Every day between now and the day that you eventually confess (and that's assuming that she doesn't find out on her own) is another day spent cheating on her.

But sure... go ahead and tell yourself that you'll never do it again. I'm sure you won't.

Until you do.


----------



## SlowlyGoingCrazy (Jun 2, 2011)

SunCmars- you think people are going too easy on him? 


ff9- RE: masturbating being your only form of release, you may need to force yourself to go without to reprogram your mind into sex being your release. It's not likely to be easy and I would get some pills even just for at first. So your brain isn't expecting disappointment and undermining you.


----------



## Tatsuhiko (Jun 21, 2016)

This is a tough one. While he needs to confess his affair at some point, I'm worried that it will crush his wife if he does it now. She's already feeling inadequate because of his ED. The confession would push her over the edge. It would really destroy her at this point.


----------



## SunCMars (Feb 29, 2016)

Tatsuhiko said:


> This is a tough one. While he needs to confess his affair at some point, I'm worried that it will crush his wife if he does it now. She's already feeling inadequate because of his ED. The confession would push her over the edge.
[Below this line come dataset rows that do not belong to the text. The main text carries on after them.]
lemma has_real_derivative_wave: "(wave q n has_real_derivative wave q (Suc n) x) (at x)"
proof -
  have sin: "cos (2 * pi * q * x + real (Suc n) * pi / 2) = - sin (2 * pi * q * x + n * pi / 2)"
    by (simp add: cos_add add_divide_distrib algebra_simps)
  have "((\<lambda>x. cos (2 * pi * q * x + n * pi / 2)) has_real_derivative
      - sin (2 * pi * q * x + n * pi / 2) * (2 * pi * q)) (at x)"
    by (auto intro!: derivative_eq_intros)
  from DERIV_cmult[OF this, of "(2 * pi * q) ^ n / (real q)\<^sup>2"] show ?thesis
    unfolding wave_def by (simp only: sin power_Suc) (simp add: algebra_simps)
qed

lemma periodic1_wave: "periodic1 (wave q n)"
proof -
  have "cos (2 * pi * q * (x + 1) + n * pi / 2) = cos (2 * pi * q * x + n * pi / 2)" for x
    using cos_add_2pi_int[of "2 * pi * q * x + n * pi / 2" "int q"] by (simp add: algebra_simps)
  then show ?thesis by (simp add: periodic1_def wave_def)
qed

lemma abs_wave_le: "\<bar>wave q n x\<bar> \<le> (2 * pi * q) ^ n / (real q)\<^sup>2"
proof -
  have "\<bar>wave q n x\<bar> = \<bar>(2 * pi * q) ^ n / (real q)\<^sup>2\<bar> * \<bar>cos (2 * pi * q * x + n * pi / 2)\<bar>"
    unfolding wave_def abs_mult ..
  also have "\<dots> \<le> \<bar>(2 * pi * q) ^ n / (real q)\<^sup>2\<bar> * 1"
    by (intro mult_left_mono abs_cos_le_one) simp
  finally show ?thesis by simp
qed

lemma abs_cos_diff_le: "\<bar>cos a - cos b\<bar> \<le> \<bar>a - b :: real\<bar>"
proof -
  have "\<bar>cos a - cos b\<bar> = 2 * \<bar>sin ((a + b) / 2)\<bar> * \<bar>sin ((b - a) / 2)\<bar>"
    by (simp add: cos_diff_cos abs_mult)
  also have "\<dots> \<le> 2 * 1 * \<bar>(b - a) / 2\<bar>"
    by (intro mult_mono abs_sin_le_one abs_sin_x_le_abs_x) auto
  finally show ?thesis by simp
qed

lemma abs_wave_shift_diff_le:
  assumes "\<bar>\<alpha> * q + of_int p\<bar> \<le> \<epsilon>"
  shows "\<bar>wave q n (x + \<alpha>) - wave q n x\<bar> \<le> (2 * pi * q) ^ n / (real q)\<^sup>2 * (2 * pi * \<epsilon>)"
proof -
  define C where "C = (2 * pi * q) ^ n / (real q)\<^sup>2"
  define t where "t = 2 * pi * q * x + n * pi / 2"
  have "cos (2 * pi * q * (x + \<alpha>) + n * pi / 2) = cos (t + 2 * pi * (\<alpha> * q + of_int p))"
    using cos_add_2pi_int[of "t + 2 * pi * (\<alpha> * q + of_int p)" "- p"]
    by (simp add: t_def algebra_simps)
  moreover have "0 \<le> C" unfolding C_def by simp
  ultimately have "\<bar>wave q n (x + \<alpha>) - wave q n x\<bar>
      = C * \<bar>cos (t + 2 * pi * (\<alpha> * q + of_int p)) - cos t\<bar>"
    unfolding wave_def C_def[symmetric] t_def[symmetric]
    by (simp add: abs_mult flip: right_diff_distrib)
  also have "\<dots> \<le> C * (2 * pi * \<epsilon>)"
  proof (rule mult_left_mono)
    have "\<bar>cos (t + 2 * pi * (\<alpha> * q + of_int p)) - cos t\<bar> \<le> 2 * pi * \<bar>\<alpha> * q + of_int p\<bar>"
      using abs_cos_diff_le[of "t + 2 * pi * (\<alpha> * q + of_int p)" t] by (simp add: abs_mult)
    also have "\<dots> \<le> 2 * pi * \<epsilon>" using assms by simp
    finally show "\<bar>cos (t + 2 * pi * (\<alpha> * q + of_int p)) - cos t\<bar> \<le> 2 * pi * \<epsilon>" .
  qed (simp add: C_def)
  finally show ?thesis unfolding C_def .
qed

lemma of_real_wave_0:
  assumes "0 < q"
  shows "complex_of_real (wave q 0 x) = trig_poly {int q, - int q} (\<lambda>_. 1 / (2 * (real q)\<^sup>2)) x"
proof -
  have "complex_of_real (cos (2 * pi * q * x)) = (circ_char q x + circ_char (- q) x) / 2"
    by (simp add: circ_char_eq_cis complex_eq_iff)
  then show ?thesis using assms by (simp add: wave_def trig_poly_def field_simps)
qed

locale liouville_denominators =
  fixes \<alpha> :: real and q :: "nat \<Rightarrow> nat"
  assumes strict_mono_q: "strict_mono q"
    and q_ge: "2 ^ Suc j \<le> q j"
    and q_approx: "\<exists>p::int. \<bar>\<alpha> * q j + of_int p\<bar> < 1 / real (q j) ^ j"
begin

lemma q_pos: "1 \<le> real (q j)"
  using q_ge[of j] by (metis le_trans of_nat_1 of_nat_le_iff one_le_power one_le_numeral)

lemma inverse_q_le: "1 / real (q j) \<le> (1 / 2) ^ j"
proof -
  have "(2::real) ^ Suc j \<le> real (q j)"
    using q_ge[of j] by (metis of_nat_le_iff of_nat_numeral of_nat_power)
  then have "1 / real (q j) \<le> 1 / 2 ^ Suc j" by (intro frac_le) auto
  also have "\<dots> \<le> (1 / 2) ^ j" unfolding power_one_over by (intro frac_le) auto
  finally show ?thesis .
qed

lemma abs_wave_0_le: "\<bar>wave (q j) 0 x\<bar> \<le> (1 / 2) ^ j"
proof -
  have "\<bar>wave (q j) 0 x\<bar> \<le> 1 / (real (q j))\<^sup>2" using abs_wave_le[of "q j" 0 x] by simp
  also have "\<dots> \<le> 1 / real (q j)"
    using q_pos[of j] by (intro divide_left_mono) (auto simp: power2_eq_square)
  finally show ?thesis using inverse_q_le[of j] by linarith
qed

lemma abs_wave_1_le: "\<bar>wave (q j) (Suc 0) x\<bar> \<le> 2 * pi * (1 / 2) ^ j"
proof -
  have "\<bar>wave (q j) (Suc 0) x\<bar> \<le> 2 * pi * (1 / real (q j))"
    using abs_wave_le[of "q j" "Suc 0" x] q_pos[of j] by (simp add: power2_eq_square)
  also have "\<dots> \<le> 2 * pi * (1 / 2) ^ j" by (intro mult_left_mono inverse_q_le) auto
  finally show ?thesis .
qed

lemma abs_wave_shift_diff_le_geometric:
  assumes "n \<le> j"
  shows "\<bar>wave (q j) n (x + \<alpha>) - wave (q j) n x\<bar> \<le> (2 * pi) ^ Suc n * (1 / 2) ^ j"
proof -
  define r where "r = real (q j)"
  have r: "1 \<le> r" unfolding r_def by (rule q_pos)
  obtain p :: int where p: "\<bar>\<alpha> * r + of_int p\<bar> \<le> 1 / r ^ j"
    using q_approx[of j] unfolding r_def by (auto intro: less_imp_le)
  have "\<bar>wave (q j) n (x + \<alpha>) - wave (q j) n x\<bar>
      \<le> (2 * pi * r) ^ n / r\<^sup>2 * (2 * pi * (1 / r ^ j))"
    using abs_wave_shift_diff_le[OF p[unfolded r_def]] unfolding r_def .
  also have "\<dots> = (2 * pi) ^ Suc n * (r ^ n / r ^ j) * (1 / r\<^sup>2)"
    using r by (simp add: power_mult_distrib field_simps)
  also have "\<dots> \<le> (2 * pi) ^ Suc n * 1 * (1 / 2) ^ j"
  proof (intro mult_mono)
    show "r ^ n / r ^ j \<le> 1" using r assms by (simp add: divide_le_eq_1 power_increasing)
    have "1 / r\<^sup>2 \<le> 1 / r" using r by (intro divide_left_mono) (auto simp: power2_eq_square)
    then show "1 / r\<^sup>2 \<le> (1 / 2) ^ j" using inverse_q_le[of j] unfolding r_def by linarith
  qed (use r in auto)
  finally show ?thesis by simp
qed

definition R :: "real \<Rightarrow> real" where
  "R x = (\<Sum>j. wave (q j) 0 x)"

definition R' :: "real \<Rightarrow> real" where
  "R' x = (\<Sum>j. wave (q j) (Suc 0) x)"

(* Q n is the n-th derivative of the coboundary Q 0 = R (x + alpha) - R x. *)
definition Q :: "nat \<Rightarrow> real \<Rightarrow> real" where
  "Q n x = (\<Sum>j. wave (q j) n (x + \<alpha>) - wave (q j) n x)"

lemma summable_wave_0: "summable (\<lambda>j. wave (q j) 0 x)"
  by (rule summable_comparison_test[OF _ summable_geometric_half[of 1]]) (simp add: abs_wave_0_le)

lemma has_real_derivative_R: "(R has_real_derivative R' x) (at x)"
  unfolding R_def[abs_def] R'_def
  by (rule has_real_derivative_suminf[where B = "\<lambda>j. 2 * pi * (1 / 2) ^ j"])
     (auto intro!: always_eventually has_real_derivative_wave summable_wave_0
       summable_geometric_half abs_wave_1_le)

lemma continuous_on_R': "continuous_on UNIV R'"
  unfolding R'_def[abs_def]
  by (rule continuous_on_suminf[where B = "\<lambda>j. 2 * pi * (1 / 2) ^ j"])
     (auto intro: continuous_on_wave abs_wave_1_le summable_geometric_half)

lemma abs_R'_le: "\<bar>R' x\<bar> \<le> 4 * pi"
proof -
  have "\<bar>R' x\<bar> \<le> (\<Sum>j. 2 * pi * (1 / 2) ^ j)"
    using norm_suminf_le[of "\<lambda>j. wave (q j) (Suc 0) x" "\<lambda>j. 2 * pi * (1 / 2) ^ j"]
      abs_wave_1_le summable_geometric_half
    unfolding R'_def by simp
  also have "\<dots> = 4 * pi" by (simp add: suminf_mult suminf_geometric)
  finally show ?thesis .
qed

lemma periodic1_R: "periodic1 R"
  using periodic1_wave by (simp add: periodic1_def R_def)

lemma eventually_abs_wave_shift_diff_le:
  "\<forall>\<^sub>F j in sequentially. \<forall>x. \<bar>wave (q j) n (x + \<alpha>) - wave (q j) n x\<bar> \<le> (2 * pi) ^ Suc n * (1 / 2) ^ j"
  unfolding eventually_sequentially using abs_wave_shift_diff_le_geometric by blast

lemma has_real_derivative_Q: "(Q n has_real_derivative Q (Suc n) x) (at x)"
  unfolding Q_def[abs_def]
proof (rule has_real_derivative_suminf[OF _ _ eventually_abs_wave_shift_diff_le summable_geometric_half])
  show "((\<lambda>x. wave (q j) n (x + \<alpha>) - wave (q j) n x) has_real_derivative
      wave (q j) (Suc n) (x + \<alpha>) - wave (q j) (Suc n) x) (at x)" for j x
    by (intro DERIV_diff has_real_derivative_wave DERIV_shift[THEN iffD1])
  show "summable (\<lambda>j. wave (q j) n (x + \<alpha>) - wave (q j) n x)" for x
    using eventually_abs_wave_shift_diff_le[of n]
    by (intro summable_comparison_test_ev[OF _ summable_geometric_half]) (auto elim: eventually_mono)
qed

lemma Q_0: "Q 0 x = R (x + \<alpha>) - R x"
  unfolding Q_def R_def by (rule suminf_diff[symmetric]) (auto intro: summable_wave_0)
You cannot destroy that which is broken..a shambles.

I suggest, just leaving.

For her to get a better man.

And for him.....to just get..out.

No telling, no confession. The damage is done. Just get out.

Before, he, ef,ef 9 hits the bricks, he should tell her...

You can do better then me. 

That would be a truthful confession.


----------



## ff9 (Sep 19, 2017)

*Deidre* said:


> It could be that your mind is on the OW you had an affair with, and also you may feel guilty for cheating, and that causes you to not be able to perform now, with your wife. Just something to think about, maybe.


The problems started before I cheated. My mind is no where near the person I slept with. I have no contact with her, no way to contact her, I don't remember her name and nor do I care to contact her.


----------



## ff9 (Sep 19, 2017)

SunCMars said:


> Tatsuhiko said:
> 
> 
> > This is a tough one. While he needs to confess his affair at some point, I'm worried that it will crush his wife if he does it now. She's already feeling inadequate because of his ED. The confession would push her over the edge.
> ...


She should leave me because I can't get it up? Come on. Cheating, yes that's fair. I have seen how much cheating hurts her and while the damage is done, I can prevent that hurt from her. She doesn't need to know. I don't want to hurt her again, which yes I should have thought of that before.


----------



## ff9 (Sep 19, 2017)

Tatsuhiko said:


> This is a tough one. While he needs to confess his affair at some point, I'm worried that it will crush his wife if he does it now. She's already feeling inadequate because of his ED. The confession would push her over the edge. It would really destroy her at this point.


I agree with this, and it's not because I don't want to have a hard conversation with her - we've had plenty. This information isn't going to do any good right now.


----------



## ff9 (Sep 19, 2017)

SlowlyGoingCrazy said:


> SunCmars- you think people are going too easy on him?
> 
> 
> ff9- RE: masturbating being your only form of release, you may need to force yourself to go without to reprogram your mind into sex being your release. It's not likely to be easy and I would get some pills even just for at first. So your brain isn't expecting disappointment and undermining you.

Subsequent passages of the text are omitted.